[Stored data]
(* Let $p\in{\cal H}_R$ be a primitive element such that $\pi_c(p)=0$. Then $p=0$.
   Context: A rooted tree is a finite connected and simply connected graph with a distinguished vertex (the root), edges oriented away from the root. ${\cal H}_R$ is the commutative polynomial algebra over $\mathbb{Q}$ on isomorphism classes of rooted trees; its monomials (forests) form a basis, $1$ being the empty forest. An admissible cut $C$ of a tree $t$ is a nonempty set of edges such that every path from the root to a vertex contains at most one edge of $C$; removing them gives a forest in which $R^C(t)$ is the tree containing the root and $P^C(t)$ the product of the others. The coproduct is the algebra morphism $\Delta$ with $\Delta(t)=1\otimes t+t\otimes1+\sum_CP^C(t)\otimes R^C(t)$ on trees; $p$ is primitive iff $\Delta(p)=p\otimes1+1\otimes p$. $\pi_c$ is the linear projection of ${\cal H}_R$ onto the span of rooted trees which vanishes on every forest that is not a single tree (including the empty forest). *)

theory Defs
  imports Complex_Main "HOL-Library.Multiset"
begin

text \<open>Isomorphism classes of rooted trees: a tree is a root together with the
  (unordered) multiset of subtrees hanging below its children.\<close>
datatype tree = Node "tree multiset"

text \<open>Forests = monomials of the polynomial algebra H_R; the empty forest is 1.\<close>
type_synonym forest = "tree multiset"

definition mcomb :: "('a multiset \<times> 'b multiset) multiset \<Rightarrow> ('a multiset \<times> 'b multiset) multiset
                     \<Rightarrow> ('a multiset \<times> 'b multiset) multiset" where
  "mcomb A B = (\<Sum>x\<in>#A. image_mset (\<lambda>y. (fst x + fst y, snd x + snd y)) B)"

definition mcomb_all :: "('a multiset \<times> 'b multiset) multiset multiset \<Rightarrow> ('a multiset \<times> 'b multiset) multiset" where
  "mcomb_all M = fold_mset mcomb {#({#}, {#})#} M"

text \<open>cuts t: the multiset, over all admissible cuts C of t together with the empty
  cut, of the pairs (P^C(t), R^C(t)); the empty cut contributes (1, t).
  A cut of the tree with root subtrees F is obtained by choosing independently,
  for each edge from the root to a child subtree c, either to cut this edge
  (c goes entirely into P) or not to cut it and then choosing a (possibly empty)
  cut of c (so that every root-to-vertex path has at most one cut edge).\<close>
primrec cuts :: "tree \<Rightarrow> (forest \<times> tree) multiset" where
  "cuts (Node F) =
     image_mset (\<lambda>(P, Rs). (P, Node Rs))
       (mcomb_all (image_mset (\<lambda>c. {#({#c#}, {#})#} + image_mset (\<lambda>(P, R). (P, {#R#})) (cuts c)) F))"

text \<open>Coproduct of a tree as a multiset of basis tensors P (x) R:
  Delta(t) = t (x) 1 + 1 (x) t + sum over nonempty admissible cuts.\<close>
definition coprod_tree :: "tree \<Rightarrow> (forest \<times> forest) multiset" where
  "coprod_tree t = {#({#t#}, {#})#} + image_mset (\<lambda>(P, R). (P, {#R#})) (cuts t)"

definition coprod_forest :: "forest \<Rightarrow> (forest \<times> forest) multiset" where
  "coprod_forest F = mcomb_all (image_mset coprod_tree F)"

text \<open>Elements of H_R: finitely supported coefficient functions on forests.
  Elements of H_R (x) H_R: coefficient functions on pairs of forests.\<close>
definition in_HR :: "(forest \<Rightarrow> rat) \<Rightarrow> bool" where
  "in_HR p \<longleftrightarrow> finite {F. p F \<noteq> 0}"

definition coprod :: "(forest \<Rightarrow> rat) \<Rightarrow> (forest \<times> forest \<Rightarrow> rat)" where
  "coprod p = (\<lambda>ab. \<Sum>F\<in>{F. p F \<noteq> 0}. p F * of_nat (count (coprod_forest F) ab))"

definition prim_tensor :: "(forest \<Rightarrow> rat) \<Rightarrow> (forest \<times> forest \<Rightarrow> rat)" where
  "prim_tensor p = (\<lambda>(a, b). (if b = {#} then p a else 0) + (if a = {#} then p b else 0))"

definition primitive :: "(forest \<Rightarrow> rat) \<Rightarrow> bool" where
  "primitive p \<longleftrightarrow> coprod p = prim_tensor p"

definition pi_c :: "(forest \<Rightarrow> rat) \<Rightarrow> (forest \<Rightarrow> rat)" where
  "pi_c p = (\<lambda>F. if size F = 1 then p F else 0)"

end

theory Submission
  imports Defs "HOL-Library.Product_Plus"
begin

text \<open>Every basis tensor \<open>a \<otimes> b\<close> occurring in \<open>\<Delta>(F)\<close> has at least as many trees as \<open>F\<close>,
  with equality only if no edge is cut, i.e. \<open>a b = F\<close>: each tree either goes whole to one side
  or leaves its root part on the right and a nonempty forest on the left. Now let \<open>F\<close> be a forest
  of least size in the support of \<open>p\<close>. If \<open>F = t F'\<close> with \<open>F' \<noteq> 1\<close>, the coefficient of
  \<open>F' \<otimes> t\<close> in \<open>\<Delta>(p)\<close> receives a contribution from \<open>F\<close> alone, so it is a positive multiple
  of \<open>p(F)\<close>, whereas in \<open>p \<otimes> 1 + 1 \<otimes> p\<close> it is zero. So \<open>p\<close> is supported on forests with
  at most one tree; the empty forest is excluded by the coefficient of \<open>1 \<otimes> 1\<close>, single trees
  by \<open>\<pi>\<^sub>c(p) = 0\<close>.\<close>

lemma mcomb_eq_sum: "mcomb A B = (\<Sum>x\<in>#A. image_mset ((+) x) B)"
  unfolding mcomb_def plus_prod_def ..

lemma mcomb_empty_left [simp]: "mcomb {#} B = {#}"
  by (simp add: mcomb_eq_sum)

lemma mcomb_add_mset_left [simp]: "mcomb (add_mset x A) B = image_mset ((+) x) B + mcomb A B"
  by (simp add: mcomb_eq_sum)

lemma mcomb_union_left: "mcomb (A + A') B = mcomb A B + mcomb A' B"
  by (simp add: mcomb_eq_sum)

lemma mcomb_empty_right [simp]: "mcomb A {#} = {#}"
  by (induction A) simp_all

lemma mcomb_add_mset_right: "mcomb A (add_mset y B) = image_mset (\<lambda>x. x + y) A + mcomb A B"
  by (induction A) (simp_all add: add.commute)

lemma mcomb_commute: "mcomb A B = mcomb B A"
  by (induction A) (simp_all add: mcomb_add_mset_right add.commute)

lemma mcomb_image_add_left: "mcomb (image_mset ((+) x) B) C = image_mset ((+) x) (mcomb B C)"
  by (induction B) (simp_all add: multiset.map_comp comp_def add.assoc[symmetric])

lemma mcomb_assoc: "mcomb (mcomb A B) C = mcomb A (mcomb B C)"
  by (induction A) (simp_all add: mcomb_union_left mcomb_image_add_left)

lemma comp_fun_commute_mcomb: "comp_fun_commute mcomb"
proof
  fix A B :: "('a multiset \<times> 'b multiset) multiset"
  have "mcomb B (mcomb A C) = mcomb A (mcomb B C)" for C
    by (simp only: mcomb_assoc[symmetric] mcomb_commute[of A B])
  then show "mcomb B \<circ> mcomb A = mcomb A \<circ> mcomb B"
    by (simp add: fun_eq_iff)
qed

lemma mcomb_all_empty [simp]: "mcomb_all {#} = {#0#}"
  by (simp add: mcomb_all_def zero_prod_def)

lemma mcomb_all_add_mset [simp]: "mcomb_all (add_mset A M) = mcomb A (mcomb_all M)"
  unfolding mcomb_all_def by (rule comp_fun_commute.fold_mset_add_mset[OF comp_fun_commute_mcomb])

lemma mem_mcomb_iff: "z \<in># mcomb A B \<longleftrightarrow> (\<exists>x\<in>#A. \<exists>y\<in>#B. z = x + y)"
  by (induction A) auto

lemma sum_mem_mcomb_all_image:
  "(\<And>c. c \<in># M \<Longrightarrow> g c \<in># h c) \<Longrightarrow> (\<Sum>c\<in>#M. g c) \<in># mcomb_all (image_mset h M)"
  by (induction M) (auto simp: mem_mcomb_iff)

lemma mcomb_all_image_induct [consumes 1, case_names empty add_mset]:
  assumes "x \<in># mcomb_all (image_mset h M)"
    and "P {#} 0"
    and "\<And>c N y z. c \<in># M \<Longrightarrow> y \<in># h c \<Longrightarrow> P N z \<Longrightarrow> P (add_mset c N) (y + z)"
  shows "P M x"
proof -
  have "P N x" if "N \<subseteq># M" and "x \<in># mcomb_all (image_mset h N)" for N x
    using that
  proof (induction N arbitrary: x)
    case empty
    then show ?case using assms(2) by simp
  next
    case (add c N)
    from add.prems(2) obtain y z
      where y: "y \<in># h c" and z: "z \<in># mcomb_all (image_mset h N)" and x: "x = y + z"
      by (auto simp: mem_mcomb_iff)
    have "c \<in># M" "N \<subseteq># M"
      using add.prems(1) by (auto dest: mset_subset_eq_insertD)
    with add.IH y z show ?case
      unfolding x by (intro assms(3))
  qed
  from this[OF subset_mset.order_refl assms(1)] show ?thesis .
qed

definition branch_cuts :: "tree \<Rightarrow> (forest \<times> forest) multiset" where
  "branch_cuts c = {#({#c#}, {#})#} + image_mset (\<lambda>(P, R). (P, {#R#})) (cuts c)"

lemma cuts_Node:
  "cuts (Node F) = image_mset (\<lambda>(P, Rs). (P, Node Rs)) (mcomb_all (image_mset branch_cuts F))"
  by (simp only: cuts.simps branch_cuts_def[abs_def])

lemma empty_mem_cuts: "({#}, t) \<in># cuts t"
proof (induction t)
  case (Node F)
  have "({#}, {#c#}) \<in># branch_cuts c" if "c \<in># F" for c
    unfolding branch_cuts_def by (simp add: rev_image_eqI[OF Node.IH[OF that]])
  then have "(\<Sum>c\<in>#F. ({#}, {#c#})) \<in># mcomb_all (image_mset branch_cuts F)"
    by (rule sum_mem_mcomb_all_image)
  moreover have "(\<Sum>c\<in>#F. ({#}::forest, {#c#})) = ({#}, F)"
    by (induction F) (simp_all add: zero_prod_def)
  ultimately have "({#}, F) \<in># mcomb_all (image_mset branch_cuts F)"
    by simp
  then show ?case
    unfolding cuts_Node set_image_mset by (rule rev_image_eqI) simp
qed

lemma cuts_empty_left: "(P, R) \<in># cuts t \<Longrightarrow> P = {#} \<Longrightarrow> R = t"
proof (induction t arbitrary: P R)
  case (Node F)
  have "fst x = {#} \<longrightarrow> snd x = F" if "x \<in># mcomb_all (image_mset branch_cuts F)" for x
    using that
  proof (induction rule: mcomb_all_image_induct)
    case empty
    then show ?case by simp
  next
    case (add_mset c N y z)
    show ?case
    proof
      assume "fst (y + z) = {#}"
      then have "fst y = {#}" "fst z = {#}" by simp_all
      with \<open>y \<in># branch_cuts c\<close> obtain R where R: "({#}, R) \<in># cuts c" "y = ({#}, {#R#})"
        by (auto simp: branch_cuts_def)
      with Node.IH[OF \<open>c \<in># F\<close> R(1)] have "y = ({#}, {#c#})" by simp
      with \<open>fst z = {#} \<longrightarrow> snd z = N\<close> \<open>fst z = {#}\<close> show "snd (y + z) = add_mset c N" by simp
    qed
  qed
  moreover from Node.prems(1) obtain Rs
    where "(P, Rs) \<in># mcomb_all (image_mset branch_cuts F)" and "R = Node Rs"
    unfolding cuts_Node by auto
  ultimately show ?case
    using Node.prems(2) by force
qed

lemma coprod_tree_cases:
  assumes "(a, b) \<in># coprod_tree t"
  shows "a + b = {#t#} \<or> 2 \<le> size a + size b"
proof -
  consider "(a, b) = ({#t#}, {#})" | R where "(a, R) \<in># cuts t" "b = {#R#}"
    using assms by (auto simp: coprod_tree_def)
  then show ?thesis
  proof cases
    case (2 R)
    show ?thesis
    proof (cases "a = {#}")
      case True
      with 2 cuts_empty_left[of a R t] show ?thesis by simp
    next
      case False
      then have "1 \<le> size a" by (simp add: Suc_le_eq nonempty_has_size)
      with 2 show ?thesis by simp
    qed
  qed simp
qed

lemma coprod_forest_empty [simp]: "coprod_forest {#} = {#0#}"
  by (simp add: coprod_forest_def)

lemma coprod_forest_add_mset [simp]:
  "coprod_forest (add_mset t G) = mcomb (coprod_tree t) (coprod_forest G)"
  by (simp add: coprod_forest_def)

lemma coprod_forest_cases:
  "(a, b) \<in># coprod_forest G \<Longrightarrow> a + b = G \<or> size G < size a + size b"
proof (induction G arbitrary: a b)
  case empty
  then show ?case by (simp add: zero_prod_def)
next
  case (add t G)
  from add.prems obtain a1 b1 a2 b2
    where 1: "(a1, b1) \<in># coprod_tree t" and 2: "(a2, b2) \<in># coprod_forest G"
      and ab: "a = a1 + a2" "b = b1 + b2"
    by (auto simp: mem_mcomb_iff)
  have "a + b = (a1 + b1) + (a2 + b2)" and "size a + size b = size (a1 + b1) + size (a2 + b2)"
    by (simp_all add: ab ac_simps)
  with coprod_tree_cases[OF 1] add.IH[OF 2] show ?case
    by (elim disjE) simp_all
qed

lemma coprod_forest_uncut: "(A, B) \<in># coprod_forest (A + B)"
proof (induction A)
  case empty
  show ?case
  proof (induction B)
    case (add t B)
    have "({#}, {#t#}) \<in># coprod_tree t"
      using empty_mem_cuts[of t] by (force simp: coprod_tree_def)
    with add show ?case by (force simp: mem_mcomb_iff)
  qed (simp add: zero_prod_def)
next
  case (add t A)
  have "({#t#}, {#}) \<in># coprod_tree t"
    by (simp add: coprod_tree_def)
  with add show ?case by (force simp: mem_mcomb_iff)
qed

lemma coprod_eq_single_term:
  assumes "in_HR p"
    and "\<And>G. p G \<noteq> 0 \<Longrightarrow> G \<noteq> F \<Longrightarrow> ab \<notin># coprod_forest G"
  shows "coprod p ab = p F * of_nat (count (coprod_forest F) ab)"
proof -
  have "coprod p ab = (\<Sum>G\<in>{G. p G \<noteq> 0}. if G = F then p F * of_nat (count (coprod_forest F) ab) else 0)"
    unfolding coprod_def by (rule sum.cong) (auto simp: assms(2) count_eq_zero_iff)
  also have "\<dots> = p F * of_nat (count (coprod_forest F) ab)"
    using assms(1) by (simp add: in_HR_def sum.delta)
  finally show ?thesis .
qed

lemma primitive_vanishes_on_empty:
  assumes "in_HR p" and "primitive p"
  shows "p {#} = 0"
proof -
  have "coprod p ({#}, {#}) = p {#}"
    using coprod_eq_single_term[OF assms(1), of "{#}"] coprod_forest_cases[of "{#}" "{#}"]
    by (force simp: zero_prod_def)
  moreover have "prim_tensor p ({#}, {#}) = 2 * p {#}"
    by (simp add: prim_tensor_def)
  ultimately show ?thesis
    using assms(2) by (simp add: primitive_def)
qed

lemma primitive_least_support_size:
  assumes "in_HR p" and "primitive p" and "p F \<noteq> 0"
    and least: "\<And>G. p G \<noteq> 0 \<Longrightarrow> size F \<le> size G"
  shows "size F \<le> 1"
proof (rule ccontr)
  assume "\<not> size F \<le> 1"
  then obtain t F' where F: "F = add_mset t F'" and "F' \<noteq> {#}"
    by (metis One_nat_def le_SucI le_refl multiset_cases size_empty size_single)
  have "coprod p (F', {#t#}) = p F * of_nat (count (coprod_forest F) (F', {#t#}))"
  proof (rule coprod_eq_single_term[OF assms(1)])
    fix G assume "p G \<noteq> 0" "G \<noteq> F"
    then show "(F', {#t#}) \<notin># coprod_forest G"
      using coprod_forest_cases[of F' "{#t#}" G] least[of G] F by auto
  qed
  moreover have "(F', {#t#}) \<in># coprod_forest F"
    using coprod_forest_uncut[of F' "{#t#}"] F by simp
  ultimately have "coprod p (F', {#t#}) \<noteq> 0"
    using assms(3) by simp
  moreover have "prim_tensor p (F', {#t#}) = 0"
    using \<open>F' \<noteq> {#}\<close> by (simp add: prim_tensor_def)
  ultimately show False
    using assms(2) by (simp add: primitive_def)
qed

theorem lemma9p4:
  fixes p :: "forest \<Rightarrow> rat"
  assumes "in_HR p"
    and "primitive p"
    and "pi_c p = (\<lambda>_. 0)"
  shows "p = (\<lambda>_. 0)"
proof (rule ccontr)
  assume "p \<noteq> (\<lambda>_. 0)"
  then obtain F where "p F \<noteq> 0" and least: "\<And>G. p G \<noteq> 0 \<Longrightarrow> size F \<le> size G"
    using ex_has_least_nat[of "\<lambda>F. p F \<noteq> 0" _ size] by blast
  have "size F \<le> 1"
    using primitive_least_support_size[OF assms(1,2) \<open>p F \<noteq> 0\<close> least] .
  moreover have "size F \<noteq> 0"
    using \<open>p F \<noteq> 0\<close> primitive_vanishes_on_empty[OF assms(1,2)] by auto
  moreover have "size F \<noteq> 1"
    using fun_cong[OF assms(3), of F] \<open>p F \<noteq> 0\<close> by (auto simp: pi_c_def)
  ultimately show False by linarith
qed

end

[Work instructions] All lines that hold the word "either" should be copied from the data.

[Answer space]
  for each edge from the root to a child subtree c, either to cut this edge
  with equality only if no edge is cut, i.e. \<open>a b = F\<close>: each tree either goes whole to one side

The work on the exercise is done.